Researchers at Oregon State University (OSU) have discovered a new type of blue pigment that could help boost the energy efficiency of buildings. Discovered unexpectedly three years ago, the "cool blue" pigment has unusually high infrared heat reflectivity which it is hoped can be channeled into commercial products in the near future.

Using roofing materials that reflect heat well has long been recognized as an important aspect of passive solar design. While lighter pigments are generally better when it comes to reflecting heat in the infrared spectrum, the new "cool blue" punches above its weight despite its deeper tone.

“This pigment has infrared heat reflectivity of about 40 percent, which is significantly higher than most blue pigments now being used,” said Mas Subramanian, an OSU professor of chemistry who discovered the compound.

The chance discovery occurred during unrelated research into the electrical properties of manganese compounds. When heated to 2,000 degrees Fahrenheit the compounds changed to a "beautiful blue" - researchers later determined that this was due to what's described as the “trigonal bipyramidal” crystalline structure of some of these compounds. This became the starting point for the development of the pigment, which also has the advantage of being durable and environmentally-benign.

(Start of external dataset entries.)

lemma norm_deriv_rescaled_le:
  fixes \<phi> :: "complex \<Rightarrow> complex"
  assumes holo: "\<phi> holomorphic_on right_half_plane" and "H > 0" and "\<alpha> > 0"
    and hoelder: "holder_Q1 H \<alpha> (\<lambda>\<xi>. \<phi> (complex_of_real T * \<xi>))"
    and comparable: "\<forall>\<xi>\<in>Qbox T - Qbox (T/8). \<forall>\<xi>'\<in>Qbox T - Qbox (T/8). cmod (\<phi> \<xi>) \<le> M * cmod (\<phi> \<xi>')"
    and T: "T \<ge> 2" and nz: "\<phi> (complex_of_real T) \<noteq> 0" and y: "y \<in> I_set"
  shows "cmod (deriv (rescaled \<phi> T) (Complex (1/T) y)) \<le> 16 * M * H * T powr (1 - \<alpha>)"
proof -
  define g where "g = (\<lambda>\<xi>. \<phi> (complex_of_real T * \<xi>))"
  define c where "c = cmod (\<phi> (complex_of_real T))"
  have "c > 0" using nz by (simp add: c_def)
  have "M \<ge> 1"
    using comparability_constant_ge_one[OF _ nz comparable] T by simp
  have "rescaled \<phi> T = (\<lambda>\<xi>. g \<xi> / complex_of_real c)"
    unfolding rescaled_def g_def c_def by simp
  moreover have "g field_differentiable at (Complex (1/T) y)"
    using holomorphic_on_scaled[OF holo] T unfolding g_def
    by (intro holomorphic_on_imp_differentiable_at[OF _ open_right_half_plane])
       (auto simp: right_half_plane_def)
  ultimately have "deriv (rescaled \<phi> T) (Complex (1/T) y) = deriv g (Complex (1/T) y) / c"
    by (simp only: deriv_cdivide_right)
  then have "cmod (deriv (rescaled \<phi> T) (Complex (1/T) y)) = cmod (deriv g (Complex (1/T) y)) / c"
    using \<open>c > 0\<close> by (simp add: norm_divide)
  also have "\<dots> \<le> H * cmod (deriv g 1) * (2 * T) powr (1 - \<alpha>) / c"
    using norm_deriv_scaled_near_segment_le[OF holo hoelder T y] \<open>c > 0\<close>
    unfolding g_def by (simp add: divide_right_mono)
  also have "\<dots> \<le> H * (8 * M * c) * (2 * T) powr (1 - \<alpha>) / c"
    using norm_deriv_scaled_at_one_le[OF holo _ comparable] T \<open>H > 0\<close> \<open>c > 0\<close>
    unfolding g_def c_def by (intro divide_right_mono mult_right_mono mult_left_mono) auto
  also have "\<dots> = 8 * M * H * (2 powr (1 - \<alpha>) * T powr (1 - \<alpha>))"
    using \<open>c > 0\<close> T by (simp add: powr_mult)
  also have "\<dots> \<le> 8 * M * H * (2 * T powr (1 - \<alpha>))"
    using powr_mono[of "1 - \<alpha>" 1 2] \<open>\<alpha> > 0\<close> \<open>M \<ge> 1\<close> \<open>H > 0\<close>
    by (intro mult_left_mono mult_right_mono) auto
  finally show ?thesis by simp
qed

The compound, which has now received patent approval, is also being investigated for various commercial application according to OSU and research into its molecular structure and reflective properties is ongoing.

“We’re seeking licensing partners for this invention right now,” said Mary Phillips, associate director of the Office for Commercialization and Corporate Development at OSU. “We believe it can contribute to new energy efficiency solutions around the world.”

Source: Oregon State University

3 Comments

Before rushing to patent, check here:

http://goafrica.about.com/od/moroccotopattractions/ig/Chefchaouen--Morocco/Blue-Streets-of-Chefchaouen--M.htm

Hopefully this pigment is new and better, but is this traditional blue from Morocco doing the same job?

Dirk Scott
4th June, 2012 @ 03:39 am PDT

I remember taking a holiday in Greece years ago, and noticing that many of the Villas are not air conditioned, they are just painted white on the exterior, with marble floors inside, and are cool even when the sun is blazing.

Meanwhile in America, and probably Australia too, architecture originating from cooler climates dominates, and thus the insulated black-roofed buildings must be pumped full of cold air from air conditioning units during the summer just to be liveable.

PeetEngineer
4th June, 2012 @ 09:33 am PDT

8 years ago I built a garage/shop for a family friend. 40'x25' It was in socal at the edge of county line, so subject to their requirements and other local ones. Well it basically had to be fireproof. So cement siding and steel roof with fireproof doors and windows. Since requirements were so stringent and expensive he/we decided we might as well insulate the building as well. So inch thick foam insulation under steel roofing, the roofing shape provided channels from bottom to top which helps with cooling as well. heaviest insulation we could fit into the walls. Anyway it is the single strongest best insulated building I have ever built and does not require any cooling/heating. He spends most days in there when home rather then the house as temp is nicer. So I hope this type of thing catches on, we waste so much energy nowadays in Southern California due to poor building design and constrictions of building code. I built a basement in our house and it doen't need cooling either.